Sesuatu yang di kehidupan dulu, selalu Raquela lihat saat Calvino menatap sahabatnya Laura. Sesuatu yang tidak pernah lelaki itu berikan untuknya dulu. Bukan sebagai gadis yang Calvino cinta. Setidaknya sebagai seseorang yang Calvino akui teman.

Sungguh, Raquela masih tidak menyangka di kehidupan sekarang lelaki itu justru menetapkan diri sebagai 'sahabat laki-laki' untuk Raquela.

"Ayah memanggilmu." Suara lain menyentak keduanya. Membuat mereka menoleh ke asal suara.

Tidak seperti Calvino yang langsung memasang tampang kecut, Raquela justru merasa bola matanya hampir meloncat keluar dari singgasana.

Nacio!

Lelaki itu berdiri semeter di sebelah Raquela dengan kedua tangan berlipat depan dada dan mata memicing tajam.

"Aku sangat terharu. Sungguh kehormatan seorang pangeran utama menyampaikan pesan Raja langsung kepadaku." Calvino yang membuka percakapan di antara mereka bertiga duluan. Sementara Raquela mendadak lupa ingatan, tidak ada satu pun kosakata yang dipelajarinya sejak bayi melintas di kepalanya kini.

"Bukankah sudah sepantasnya aku menyampaikan amanat penting pada kakak kandungku sendiri?" Nacio menekan setiap katanya, ia seolah benar-benar siap mengibarkan bendera perang pada sang kakak.

"Dan kau pelayan.."Raquela terhenyak saat fokus Nacio teralih padanya.

"sedang apa kau di sini? Membolos dari pekerjaanmu?"

"Tidak!" Raquela menjawab cepat.
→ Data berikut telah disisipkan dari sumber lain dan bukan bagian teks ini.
lemma b_1_eq_stirling:
  assumes "1 \<le> i" and "1 \<le> k" and "k \<le> i + 1"
  shows "b i 1 k = fact k / fact (i + 1) * of_nat (stirling (i + 1) k)"
proof -
  have "b i 1 k = bernoulli_matrix_power i 1 k"
    using assms by (intro b_eq_bernoulli_matrix_power)
  also have "\<dots> = (fps_neg_ln_one_minus ^ k) $ (i + 1)"
    using assms bernoulli_matrix_power_row_1 by simp
  finally show ?thesis
    by (simp only: fps_neg_ln_one_minus_power_nth)
qed

lemma b_2_eq_stirling:
  assumes "1 \<le> i" and "1 \<le> k" and "k \<le> i + 2"
  shows "b i 2 k = fact k / fact (i + 2)
    * (of_nat i / 2 * of_nat (stirling (i + 1) k) + of_nat (stirling (i + 1) (k - 1)))"
proof -
  have "b i 2 k = bernoulli_matrix_power i 2 k"
    using assms by (intro b_eq_bernoulli_matrix_power)
  also have "\<dots> = (fps_neg_ln_one_minus ^ k) $ (i + 2) - (fps_neg_ln_one_minus ^ k) $ (i + 1) / 2"
    using assms by (intro bernoulli_matrix_power_row_2)
  also have "\<dots> = fact k / fact (i + 2)
      * (of_nat (stirling (i + 2) k) - of_nat (i + 2) / 2 * of_nat (stirling (i + 1) k))"
  proof -
    define F :: rat where "F = fact (i + 1)"
    define N :: rat where "N = of_nat (i + 2)"
    have "F \<noteq> 0" and "N \<noteq> 0" and fact_i2: "fact (i + 2) = N * F"
      by (simp_all add: F_def N_def)
    then show ?thesis
      unfolding fps_neg_ln_one_minus_power_nth fact_i2 F_def[symmetric] N_def[symmetric]
      by (simp add: field_simps)
  qed
  also have "stirling (i + 2) k = (i + 1) * stirling (i + 1) k + stirling (i + 1) (k - 1)"
    using assms by (cases k) simp_all
  finally show ?thesis
    by (simp add: field_simps)
qed

theorem theorem5p1:
  fixes i j k :: nat
  assumes "i \<ge> 1" and "j \<in> {1, 2}" and "1 \<le> k" and "k \<le> i + j"
  shows "b i j k > 0"
proof (cases "j = 1")
  case True
  then show ?thesis
    using assms b_1_eq_stirling[of i k] stirling_pos[of k "i + 1"] by simp
next
  case False
  with assms have "j = 2"
    by auto
  have "(0::rat) < of_nat i / 2 * of_nat (stirling (i + 1) k) + of_nat (stirling (i + 1) (k - 1))"
  proof (cases "k \<le> i + 1")
    case True
    then show ?thesis
      using assms stirling_pos[of k "i + 1"] by (simp add: add_pos_nonneg)
  next
    case False
    then have "k - 1 = i + 1"
      using assms \<open>j = 2\<close> by simp
    then show ?thesis
      by (simp add: add_nonneg_pos)
  qed
  then show ?thesis
    using assms b_2_eq_stirling[of i k] \<open>j = 2\<close> by simp
qed

end
(* For any potentials $W$ and $\Theta$ and any $0<\kappa'<\kappa$, $$\|\mathrm{ad}_W\Theta\|_{\kappa'}\leq\frac{18}{\kappa'(\kappa-\kappa')}\|\Theta\|_\kappa\|W\|_\kappa.$$
   Context: $\Lambda$ is a finite set of sites, each carrying a finite-dimensional Hilbert space; $\|\cdot\|$ is the operator norm. A potential $Q$ is a family of operators $Q_Z$, $Z\subseteq\Lambda$, with $Q_Z$ supported on $Z$. Norm: $\|Q\|_\kappa=\sup_{x\in\Lambda}\sum_{Z\ni x}e^{\kappa|Z|}\|Q_Z\|$. Commutator of potentials: $(\mathrm{ad}_W\Theta)_Z=\sum_{Z_1\cap Z_2\neq\emptyset,Z_1\cup Z_2=Z}[W_{Z_1},\Theta_{Z_2}]$. *)

theory Defs
  imports "HOL-Analysis.Analysis"
begin

text \<open>Site x carries the Hilbert space
  C^(d x). The total Hilbert space is the tensor product, realised as functions on the finite
  set of configurations sigma with sigma x < d x (the standard product basis).
  Operators are given by their matrix kernels in this basis.\<close>

type_synonym 's cfg = "'s \<Rightarrow> nat"
type_synonym 's oper = "'s cfg \<Rightarrow> 's cfg \<Rightarrow> complex"
type_synonym 's potential = "'s set \<Rightarrow> 's oper"

definition configs :: "('s \<Rightarrow> nat) \<Rightarrow> 's cfg set" where
  "configs d = {\<sigma>. \<forall>x. \<sigma> x < d x}"

definition apply_op :: "('s \<Rightarrow> nat) \<Rightarrow> 's oper \<Rightarrow> ('s cfg \<Rightarrow> complex) \<Rightarrow> ('s cfg \<Rightarrow> complex)" where
  "apply_op d A v = (\<lambda>\<sigma>. \<Sum>\<tau>\<in>configs d. A \<sigma> \<tau> * v \<tau>)"

definition vnorm :: "('s \<Rightarrow> nat) \<Rightarrow> ('s cfg \<Rightarrow> complex) \<Rightarrow> real" where
  "vnorm d v = sqrt (\<Sum>\<sigma>\<in>configs d. (cmod (v \<sigma>))\<^sup>2)"

definition opnorm :: "('s \<Rightarrow> nat) \<Rightarrow> 's oper \<Rightarrow> real" where
  "opnorm d A = Sup {vnorm d (apply_op d A v) | v. vnorm d v \<le> 1}"

definition op_mult :: "('s \<Rightarrow> nat) \<Rightarrow> 's oper \<Rightarrow> 's oper \<Rightarrow> 's oper" where
  "op_mult d A B = (\<lambda>\<sigma> \<tau>. \<Sum>\<rho>\<in>configs d. A \<sigma> \<rho> * B \<rho> \<tau>)"

definition commutator :: "('s \<Rightarrow> nat) \<Rightarrow> 's oper \<Rightarrow> 's oper \<Rightarrow> 's oper" where
  "commutator d A B = (\<lambda>\<sigma> \<tau>. op_mult d A B \<sigma> \<tau> - op_mult d B A \<sigma> \<tau>)"

text \<open>A is supported on Z, i.e. A = A_Z \<otimes> 1 on the complement of Z: the kernel vanishes unless
  the configurations agree off Z, and otherwise only depends on their restrictions to Z.\<close>
definition supported_on :: "('s \<Rightarrow> nat) \<Rightarrow> 's set \<Rightarrow> 's oper \<Rightarrow> bool" where
  "supported_on d Z A \<longleftrightarrow>
     (\<forall>\<sigma>\<in>configs d. \<forall>\<tau>\<in>configs d. A \<sigma> \<tau> \<noteq> 0 \<longrightarrow> (\<forall>x. x \<notin> Z \<longrightarrow> \<sigma> x = \<tau> x)) \<and>
     (\<forall>\<sigma>\<in>configs d. \<forall>\<tau>\<in>configs d. \<forall>\<sigma>'\<in>configs d. \<forall>\<tau>'\<in>configs d.
        (\<forall>x. x \<notin> Z \<longrightarrow> \<sigma> x = \<tau> x) \<longrightarrow> (\<forall>x. x \<notin> Z \<longrightarrow> \<sigma>' x = \<tau>' x) \<longrightarrow>
        (\<forall>x\<in>Z. \<sigma> x = \<sigma>' x \<and> \<tau> x = \<tau>' x) \<longrightarrow> A \<sigma> \<tau> = A \<sigma>' \<tau>')"
lemma subst_simps[simp]:
  "subst k N (Var i) = (if i = k then N else if k < i then Var (i - 1) else Var i)"
  "subst k N (App A B) = App (subst k N A) (subst k N B)"
  "subst k N (Lam A) = Lam (subst (Suc k) (lift 0 N) A)"
  "subst k N (LamI A) = LamI (subst (Suc k) (lift 0 N) A)"
  "subst k N (LamC A) = LamC (subst (Suc k) (lift 0 N) A)"
  "subst k N (BoxI A) = BoxI (subst k N A)"
  "subst k N (BoxC A) = BoxC (subst k N A)"
  by (subst subst.code; simp)+

lemma lift_lift[simp]: "i \<le> j \<Longrightarrow> lift i (lift j M) = lift (Suc j) (lift i M)"
  by (coinduction arbitrary: i j M) (case_tac M; auto)

lemma subst_lift[simp]: "subst j X (lift j N) = N"
  by (coinduction arbitrary: j X N) (case_tac N; auto)

inductive same_head :: "(trm \<Rightarrow> trm \<Rightarrow> bool) \<Rightarrow> trm \<Rightarrow> trm \<Rightarrow> bool" for R where
  "same_head R x x"
| "R a c \<Longrightarrow> R b d \<Longrightarrow> same_head R (App a b) (App c d)"
| "R a b \<Longrightarrow> same_head R (Lam a) (Lam b)"
| "R a b \<Longrightarrow> same_head R (LamI a) (LamI b)"
| "R a b \<Longrightarrow> same_head R (LamC a) (LamC b)"
| "R a b \<Longrightarrow> same_head R (BoxI a) (BoxI b)"
| "R a b \<Longrightarrow> same_head R (BoxC a) (BoxC b)"

lemma trm_bisim:
  assumes "R x y" and "\<And>x y. R x y \<Longrightarrow> same_head R x y"
  shows "x = y"
  using assms(1)
proof (coinduction arbitrary: x y rule: trm.coinduct_strong)
  case (Eq_trm x y)
  from assms(2)[OF Eq_trm] show ?case
    by cases auto
qed

lemma lift_subst_lo:
  assumes "k \<le> j" shows "lift k (subst j N M) = subst (Suc j) (lift k N) (lift k M)"
proof -
  let ?R = "\<lambda>x y. \<exists>k j N M. k \<le> j \<and> x = lift k (subst j N M) \<and> y = subst (Suc j) (lift k N) (lift k M)"
  have step: "same_head ?R (lift k (subst j N M)) (subst (Suc j) (lift k N) (lift k M))"
    if "k \<le> j" for k j N M
    using that by (cases M; force intro: same_head.intros)
  show ?thesis
  proof (rule trm_bisim[where R = ?R])
    show "?R (lift k (subst j N M)) (subst (Suc j) (lift k N) (lift k M))" using assms by blast
  qed (use step in blast)
qed

lemma lift_subst_hi:
  assumes "j \<le> k" shows "lift k (subst j N M) = subst j (lift k N) (lift (Suc k) M)"
proof -
  let ?R = "\<lambda>x y. \<exists>k j N M. j \<le> k \<and> x = lift k (subst j N M) \<and> y = subst j (lift k N) (lift (Suc k) M)"
  have step: "same_head ?R (lift k (subst j N M)) (subst j (lift k N) (lift (Suc k) M))"
    if "j \<le> k" for k j N M
    using that by (cases M; force intro: same_head.intros)
  show ?thesis
  proof (rule trm_bisim[where R = ?R])
    show "?R (lift k (subst j N M)) (subst j (lift k N) (lift (Suc k) M))" using assms by blast
  qed (use step in blast)
qed

lemma subst_subst:
  assumes "j \<le> k"
  shows "subst k N (subst j B A) = subst j (subst k N B) (subst (Suc k) (lift j N) A)"
proof -
  let ?R = "\<lambda>x y. \<exists>k j N B A. j \<le> k \<and> x = subst k N (subst j B A) \<and>
    y = subst j (subst k N B) (subst (Suc k) (lift j N) A)"
  have step: "same_head ?R (subst k N (subst j B A)) (subst j (subst k N B) (subst (Suc k) (lift j N) A))"
    if "j \<le> k" for k j N B A
    using that by (cases A; force intro: same_head.intros simp: lift_subst_lo)
  show ?thesis
  proof (rule trm_bisim[where R = ?R])
    show "?R (subst k N (subst j B A)) (subst j (subst k N B) (subst (Suc k) (lift j N) A))"
      using assms by blast
  qed (use step in blast)
qed

section \<open>Reduction and infinitary reduction under substitution\<close>

lemma basic_red_lift: "basic_red M M' \<Longrightarrow> basic_red (lift k M) (lift k M')"
  by (erule basic_red.cases) (simp_all add: lift_subst_hi basic_red.intros)

lemma basic_red_subst: "basic_red M M' \<Longrightarrow> basic_red (subst k N M) (subst k N M')"
  by (erule basic_red.cases) (simp_all add: subst_subst basic_red.intros)

lemma step_lift: "step b M M' \<Longrightarrow> step b (lift k M) (lift k M')"
  by (induction arbitrary: k rule: step.induct) (auto intro: step.intros basic_red_lift)

lemma step_subst: "step b M M' \<Longrightarrow> step b (subst k N M) (subst k N M')"
  by (induction arbitrary: k N rule: step.induct) (auto intro: step.intros basic_red_subst)

lemma steps_lift: "(step b)\<^sup>*\<^sup>* M M' \<Longrightarrow> (step b)\<^sup>*\<^sup>* (lift k M) (lift k M')"
  by (induction rule: rtranclp_induct) (auto intro: rtranclp.rtrancl_into_rtrancl step_lift)

lemma steps_subst: "(step b)\<^sup>*\<^sup>* M M' \<Longrightarrow> (step b)\<^sup>*\<^sup>* (subst k N M) (subst k N M')"
  by (induction rule: rtranclp_induct) (auto intro: rtranclp.rtrancl_into_rtrancl step_subst)

lemma steps_cong:
  assumes "(step b)\<^sup>*\<^sup>* M M'"
  shows "(step b)\<^sup>*\<^sup>* (App M N) (App M' N)" "(step b)\<^sup>*\<^sup>* (App N M) (App N M')"
    "(step b)\<^sup>*\<^sup>* (Lam M) (Lam M')" "(step b)\<^sup>*\<^sup>* (LamI M) (LamI M')"
    "(step b)\<^sup>*\<^sup>* (LamC M) (LamC M')" "(step b)\<^sup>*\<^sup>* (BoxI M) (BoxI M')"
  using assms by (induction rule: rtranclp_induct) (auto intro: rtranclp.rtrancl_into_rtrancl step.intros)

lemma steps_App: "(step b)\<^sup>*\<^sup>* M M' \<Longrightarrow> (step b)\<^sup>*\<^sup>* N N' \<Longrightarrow> (step b)\<^sup>*\<^sup>* (App M N) (App M' N')"
  by (meson steps_cong(1,2) rtranclp_trans)

lemma leads_step_mono_rel: "leads_step R M N \<Longrightarrow> (\<And>a b. R a b \<Longrightarrow> Q a b) \<Longrightarrow> leads_step Q M N"
  using leads_step_mono[of R Q] by blast

lemma leads_inf_red: "leads M N \<Longrightarrow> inf_red M N"
  by (rule inf_red.intros[OF rtranclp.rtrancl_refl])

lemma leads_step_lift:
  assumes "leads_step R M N" and "\<And>k M N. R M N \<Longrightarrow> Q (lift k M) (lift k N)"
  shows "leads_step Q (lift k M) (lift k N)"
  using assms(1) by (induction arbitrary: k rule: leads_step.induct) (simp_all add: leads_step.intros assms(2))
theorem lemma3p2:
  fixes P :: "'a set" and L :: "'a set set"
    and P' :: "'b set" and L' :: "'b set set" and f :: "'a \<Rightarrow> 'b"
    and x y :: 'a and u' v' :: 'b
  assumes "GQ22 P L" and "GQ22 P' L'" and "isomorphism P L P' L' f"
    and "(x, u') \<in> bigP P P' L' f" and "(y, v') \<in> bigP P P' L' f"
    and "x \<noteq> y" and "u' \<noteq> v'"
    and "u' \<notin> perp P' L' (f y)" and "v' \<notin> perp P' L' (f x)"
  shows "card (setperp (bigP P P' L' f) (bigL P L P' L' f) {(x, u'), (y, v')}) \<ge> 3"
proof -
  interpret gq22_isomorphism P L P' L' f
    using assms(1-3) by (simp add: gq22_isomorphism_def gq22_isomorphism_axioms_def gq22_def)
  let ?perp = "setperp (bigP P P' L' f) (bigL P L P' L' f) {(x, u'), (y, v')}"
  have x: "x \<in> P" and y: "y \<in> P" using assms(4,5) mem_bigP_iff by blast+
  then have fx: "f x \<in> P'" and fy: "f y \<in> P'" using image_points by blast+
  have "f x \<noteq> f y" using inj_on_contraD[OF inj_on_f assms(6) x y] .
  have nu: "\<not> S'.col (f y) u'" and nv: "\<not> S'.col (f x) v'"
    using assms(8,9) S'.mem_perp_iff fx fy by blast+
  have "W \<in> snd ` ?perp" if "W \<in> setperp P' L' {f x, f y}" for W
  proof -
    have "S'.col (f x) W" "S'.col (f y) W" using that S'.mem_setperp_pair_iff[OF fx fy] by blast+
    then obtain z where "(z, W) \<in> ?perp" using lift_common_neighbour[OF assms(4,5) nu nv] by blast
    then show ?thesis using image_eqI[of W snd "(z, W)"] by simp
  qed
  moreover have fin: "finite ?perp"
    using finite_bigP by (rule finite_subset[rotated]) (auto simp: setperp_def)
  ultimately have "card (setperp P' L' {f x, f y}) \<le> card (snd ` ?perp)"
    by (intro card_mono finite_imageI) auto
  also have "\<dots> \<le> card ?perp" using fin by (rule card_image_le)
  finally show ?thesis
    using S'.card_setperp_pair[OF fx fy \<open>f x \<noteq> f y\<close>] by simp
qed

end
lemma lap_0_sum:
  assumes "i \<in> V"
  shows "lap 0 w n (\<lambda>x. \<Sum>m\<in>M. a m * f m x) i = (\<Sum>m\<in>M. a m * lap 0 w n (f m) i)"
  using assms
  by (simp add: lap_0 sum_distrib_left sum_subtractf[symmetric] sum.swap[of _ V] algebra_simps)

lemma lap_0_diff: "i \<in> V \<Longrightarrow> lap 0 w n (\<lambda>x. f x - g x) i = lap 0 w n f i - lap 0 w n g i"
  by (simp add: lap_0 sum_subtractf[symmetric] algebra_simps)

lemma sum_lap_0: "(\<Sum>i\<in>V. lap 0 w n u i) = 0"
proof -
  have "(\<Sum>i\<in>V. \<Sum>j\<in>V. w i j * u j) = (\<Sum>i\<in>V. \<Sum>j\<in>V. w i j * u i)"
    by (subst sum.swap) (simp add: weight_sym)
  then show ?thesis
    by (simp add: lap_0 sum_subtractf algebra_simps)
qed

lemma classC_perturbed_weight:
  assumes C: "classC 0 \<gamma> w n" and \<gamma>: "\<gamma> \<ge> 0"
    and i: "i \<in> V" and j: "j \<in> V" and ij: "i \<noteq> j"
  shows "w i j + \<gamma> * fj 0 w n j i / real n \<ge> 0"
    and "w i j > 0 \<Longrightarrow> w i j + \<gamma> * fj 0 w n j i / real n > 0"
proof -
  have C0: "\<gamma> = 0 \<or> w i j > 0 \<or> fj 0 w n j i \<ge> 0"
    and C: "\<gamma> = 0 \<or> w i j = 0 \<or> w i j + \<gamma> * fj 0 w n j i / real n > 0"
    using C i j ij by (auto simp: classC_def classC0_def vol_0 split: if_splits)
  show pos: "w i j + \<gamma> * fj 0 w n j i / real n > 0" if "w i j > 0"
    using C that by auto
  show "w i j + \<gamma> * fj 0 w n j i / real n \<ge> 0"
    using C0 pos \<gamma> weight_nonneg[of i j] by (auto intro: less_imp_le)
qed
(* Let $S_0>0$, $\nu>0$, $J>0$, and let $v_n\ge 0$ ($n\in\mathbb{N}$) with $\sum_n v_n S_0^n<\infty$. Let $S:\mathbb{R}\to\mathbb{R}$ be an equilibrium correlation function that solves, for $t\ge 0$, the mode-coupling equations $$J^{-1}\ddot S(t)+\nu\dot S(t)+S_0^{-1}S(t)+\int_0^t M(t-t')\dot S(t')\,\mathrm{d}t'=0,\qquad M(t)=\sum_{n\in\mathbb{N}}v_nS(t)^n,$$ with $S(0)=S_0$, $\dot S(0)=0$, and such that $M$ is also an equilibrium correlation function. Then $\lim_{t\to\infty}S(t)$ exists.
   Context: An equilibrium correlation function is a function of the form $t\mapsto\int_{\mathbb{R}}e^{-i\omega t}\rho(\mathrm{d}\omega)$ with $\rho$ a finite symmetric Borel measure on $\mathbb{R}$. *)

theory Defs
  imports "HOL-Analysis.Analysis"
begin

definition eq_corr :: "(real \<Rightarrow> real) \<Rightarrow> bool" where
  "eq_corr f \<longleftrightarrow>
     (\<exists>\<rho> :: real measure.
        sets \<rho> = sets borel \<and> finite_measure \<rho> \<and>
        (\<forall>A \<in> sets borel. emeasure \<rho> (uminus ` A) = emeasure \<rho> A) \<and>
        (\<forall>t. complex_of_real (f t) = integral\<^sup>L \<rho> (\<lambda>\<omega>. cis (- (\<omega> * t)))))"

end

theory Submission
  imports Defs
begin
Bodoh amat jika Calvino sampai terkesiap melihat gelengan kepalanya yang sangat bersemangat, sampai-sampai sendi leher Raquela berbunyi saat menggerakkan lehernya terlampau cepat.

"Se-sekarang sedang jam istirahat, Pangeran." Melihat mata Nacio semakin menyipit-mungkin tidak menerima alasan Raquela- gadis itu tetap saja menundukkan kepala pada akhirnya.

"Sa-saya minta maaf, Pangeran."

"Kalau memang tidak salah, kenapa kau harus minta maaf, Raa?" Calvino menggerutu segera. Serta merta Raquela memberi isyarat dengan mata berkedip-kedip agar untuk kali ini saja, Calvino diam. Jangan bersuara, kalau tidak Raquela bisa diarak keliling kota sebagai hukuman oleh Nacio.

"Daripada kau menyalahgunakan waktu pekerjaanmu untuk berpacaran dengan orang tidak jelas, lebih baik segera temui ayah." Nacio memotong pembicaraan Calvino dan Raquela, sebelum kembali memberi sorot mata menikam untuk kakak pertamanya.

"Jangan buat seakan-akan aku tidak menyampaikan amanat untukmu, Calvino. Seperti apa yang sering kau lakukan dulu hingga ayah memarahiku."

Saat tatapan menusuk Nacio beralih padanya, Raquela menelan ludah.

"Dan kau, pergi dari sini sekarang juga. Kembalilah ke tempat di mana sepantasnya kau berada, Nona Raquela Agatha."

Tertegun, Raquela mengepalkan tangan kanannya di sisi tubuh. Menatap nyalang kepergian Nacio setelah itu.

Mengabaikan Calvino yang kini menghela napas, kilasan ucapan menyakitkan Nacio di kehidupan lalu kembali menguak luka di hati Raquela sekarang.

"Kembalilah ke tempat di mana sepantasnya kau berada, Raquela. Pergi dari hadapanku dan Laura!"